What you need to do → Print exactly the lines below between the line holding "- T) = card" and the line holding "insert x (insert", inclusive, and nothing more.

=== Dataset content ===

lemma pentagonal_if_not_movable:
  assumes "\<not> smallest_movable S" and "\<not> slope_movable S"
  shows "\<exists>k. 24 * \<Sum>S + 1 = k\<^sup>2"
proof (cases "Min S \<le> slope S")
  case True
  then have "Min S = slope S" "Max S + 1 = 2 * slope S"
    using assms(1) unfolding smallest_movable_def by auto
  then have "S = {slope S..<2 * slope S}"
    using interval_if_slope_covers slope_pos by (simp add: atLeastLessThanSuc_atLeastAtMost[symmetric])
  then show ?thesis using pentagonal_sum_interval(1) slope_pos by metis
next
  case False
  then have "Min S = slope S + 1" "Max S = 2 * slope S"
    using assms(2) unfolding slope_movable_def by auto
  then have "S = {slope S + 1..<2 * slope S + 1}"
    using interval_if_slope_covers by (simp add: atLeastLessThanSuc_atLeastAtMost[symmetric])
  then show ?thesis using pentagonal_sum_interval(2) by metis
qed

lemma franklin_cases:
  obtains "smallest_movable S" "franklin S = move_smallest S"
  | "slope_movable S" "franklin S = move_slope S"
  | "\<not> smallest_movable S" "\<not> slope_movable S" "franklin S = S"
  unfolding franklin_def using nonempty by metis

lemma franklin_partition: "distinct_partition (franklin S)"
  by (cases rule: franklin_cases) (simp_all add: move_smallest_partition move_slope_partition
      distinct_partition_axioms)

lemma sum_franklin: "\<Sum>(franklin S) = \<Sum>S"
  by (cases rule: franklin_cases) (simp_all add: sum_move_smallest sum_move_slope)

===
=== Dataset content ===

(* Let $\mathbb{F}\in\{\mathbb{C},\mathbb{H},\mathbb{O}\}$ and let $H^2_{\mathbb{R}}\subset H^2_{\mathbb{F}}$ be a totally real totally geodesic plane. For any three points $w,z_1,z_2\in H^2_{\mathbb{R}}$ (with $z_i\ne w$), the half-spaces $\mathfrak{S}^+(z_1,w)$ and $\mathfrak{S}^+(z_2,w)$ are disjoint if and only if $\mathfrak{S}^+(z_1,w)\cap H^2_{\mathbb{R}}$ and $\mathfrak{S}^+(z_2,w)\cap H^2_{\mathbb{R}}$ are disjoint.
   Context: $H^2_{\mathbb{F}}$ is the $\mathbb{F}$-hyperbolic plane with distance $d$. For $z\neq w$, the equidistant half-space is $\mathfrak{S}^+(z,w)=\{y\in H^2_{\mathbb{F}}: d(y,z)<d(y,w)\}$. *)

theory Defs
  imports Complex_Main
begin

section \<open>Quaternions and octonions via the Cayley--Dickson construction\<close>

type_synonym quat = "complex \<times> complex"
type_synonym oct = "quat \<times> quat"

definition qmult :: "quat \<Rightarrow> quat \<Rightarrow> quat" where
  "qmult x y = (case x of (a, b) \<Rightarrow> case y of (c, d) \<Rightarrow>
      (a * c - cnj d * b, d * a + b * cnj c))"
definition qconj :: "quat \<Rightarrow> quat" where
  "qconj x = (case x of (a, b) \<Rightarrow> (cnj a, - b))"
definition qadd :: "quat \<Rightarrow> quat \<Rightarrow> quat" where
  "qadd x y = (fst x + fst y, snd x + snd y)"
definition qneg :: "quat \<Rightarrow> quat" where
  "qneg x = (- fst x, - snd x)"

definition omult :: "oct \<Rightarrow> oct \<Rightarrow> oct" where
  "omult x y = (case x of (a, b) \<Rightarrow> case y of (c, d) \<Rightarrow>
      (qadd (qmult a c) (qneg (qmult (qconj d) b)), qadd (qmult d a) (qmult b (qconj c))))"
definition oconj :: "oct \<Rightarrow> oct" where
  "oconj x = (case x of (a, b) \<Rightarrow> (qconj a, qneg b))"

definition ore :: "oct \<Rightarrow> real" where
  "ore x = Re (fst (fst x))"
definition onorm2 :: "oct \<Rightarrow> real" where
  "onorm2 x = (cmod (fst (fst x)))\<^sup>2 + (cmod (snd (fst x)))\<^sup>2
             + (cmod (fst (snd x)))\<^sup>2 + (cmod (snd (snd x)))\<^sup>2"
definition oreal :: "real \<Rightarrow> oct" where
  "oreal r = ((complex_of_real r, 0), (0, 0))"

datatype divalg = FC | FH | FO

===
=== Dataset content ===

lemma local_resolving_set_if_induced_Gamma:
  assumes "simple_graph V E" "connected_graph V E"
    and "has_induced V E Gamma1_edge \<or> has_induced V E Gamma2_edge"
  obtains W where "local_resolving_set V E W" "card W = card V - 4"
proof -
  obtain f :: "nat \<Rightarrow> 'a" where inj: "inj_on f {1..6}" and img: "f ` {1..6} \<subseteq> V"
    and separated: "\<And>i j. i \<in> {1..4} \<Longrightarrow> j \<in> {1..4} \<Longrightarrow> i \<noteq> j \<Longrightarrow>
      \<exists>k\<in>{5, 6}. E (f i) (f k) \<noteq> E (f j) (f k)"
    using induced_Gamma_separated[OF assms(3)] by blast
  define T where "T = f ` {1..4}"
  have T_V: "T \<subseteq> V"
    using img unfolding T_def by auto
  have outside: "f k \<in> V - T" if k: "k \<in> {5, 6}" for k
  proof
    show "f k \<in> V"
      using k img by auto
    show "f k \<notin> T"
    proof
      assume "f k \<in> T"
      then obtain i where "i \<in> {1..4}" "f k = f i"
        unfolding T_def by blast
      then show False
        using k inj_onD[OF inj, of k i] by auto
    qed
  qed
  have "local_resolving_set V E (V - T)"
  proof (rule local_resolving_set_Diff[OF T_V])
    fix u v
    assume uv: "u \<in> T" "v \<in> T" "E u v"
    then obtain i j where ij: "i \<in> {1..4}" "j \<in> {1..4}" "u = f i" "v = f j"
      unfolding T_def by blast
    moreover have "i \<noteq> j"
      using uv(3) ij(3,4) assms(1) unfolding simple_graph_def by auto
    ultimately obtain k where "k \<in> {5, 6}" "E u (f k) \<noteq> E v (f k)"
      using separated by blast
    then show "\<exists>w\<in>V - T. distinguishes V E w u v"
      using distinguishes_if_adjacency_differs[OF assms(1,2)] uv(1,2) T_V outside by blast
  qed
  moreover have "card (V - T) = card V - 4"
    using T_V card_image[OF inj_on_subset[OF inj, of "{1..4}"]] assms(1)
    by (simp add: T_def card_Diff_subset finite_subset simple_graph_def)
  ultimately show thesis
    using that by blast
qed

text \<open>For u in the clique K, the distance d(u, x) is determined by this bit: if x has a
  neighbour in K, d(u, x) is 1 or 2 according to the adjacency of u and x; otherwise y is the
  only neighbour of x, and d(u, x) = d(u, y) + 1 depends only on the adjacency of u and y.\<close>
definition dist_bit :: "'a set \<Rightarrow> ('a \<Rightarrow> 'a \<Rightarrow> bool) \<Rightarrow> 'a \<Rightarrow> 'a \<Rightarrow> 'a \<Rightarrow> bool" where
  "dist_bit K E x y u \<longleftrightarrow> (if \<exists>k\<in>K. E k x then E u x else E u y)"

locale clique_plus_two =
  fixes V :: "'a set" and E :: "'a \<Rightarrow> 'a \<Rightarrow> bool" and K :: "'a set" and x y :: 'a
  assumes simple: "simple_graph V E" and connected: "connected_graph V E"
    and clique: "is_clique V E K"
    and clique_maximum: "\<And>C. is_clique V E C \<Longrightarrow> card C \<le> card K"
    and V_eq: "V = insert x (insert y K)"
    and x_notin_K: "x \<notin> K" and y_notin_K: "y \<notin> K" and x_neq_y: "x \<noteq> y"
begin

===

Written solution →
  moreover have "card (V - T) = card V - 4"
    using T_V card_image[OF inj_on_subset[OF inj, of "{1..4}"]] assms(1)
    by (simp add: T_def card_Diff_subset finite_subset simple_graph_def)
  ultimately show thesis
    using that by blast
qed

text \<open>For u in the clique K, the distance d(u, x) is determined by this bit: if x has a
  neighbour in K, d(u, x) is 1 or 2 according to the adjacency of u and x; otherwise y is the
  only neighbour of x, and d(u, x) = d(u, y) + 1 depends only on the adjacency of u and y.\<close>
definition dist_bit :: "'a set \<Rightarrow> ('a \<Rightarrow> 'a \<Rightarrow> bool) \<Rightarrow> 'a \<Rightarrow> 'a \<Rightarrow> 'a \<Rightarrow> bool" where
  "dist_bit K E x y u \<longleftrightarrow> (if \<exists>k\<in>K. E k x then E u x else E u y)"

locale clique_plus_two =
  fixes V :: "'a set" and E :: "'a \<Rightarrow> 'a \<Rightarrow> bool" and K :: "'a set" and x y :: 'a
  assumes simple: "simple_graph V E" and connected: "connected_graph V E"
    and clique: "is_clique V E K"
    and clique_maximum: "\<And>C. is_clique V E C \<Longrightarrow> card C \<le> card K"
    and V_eq: "V = insert x (insert y K)"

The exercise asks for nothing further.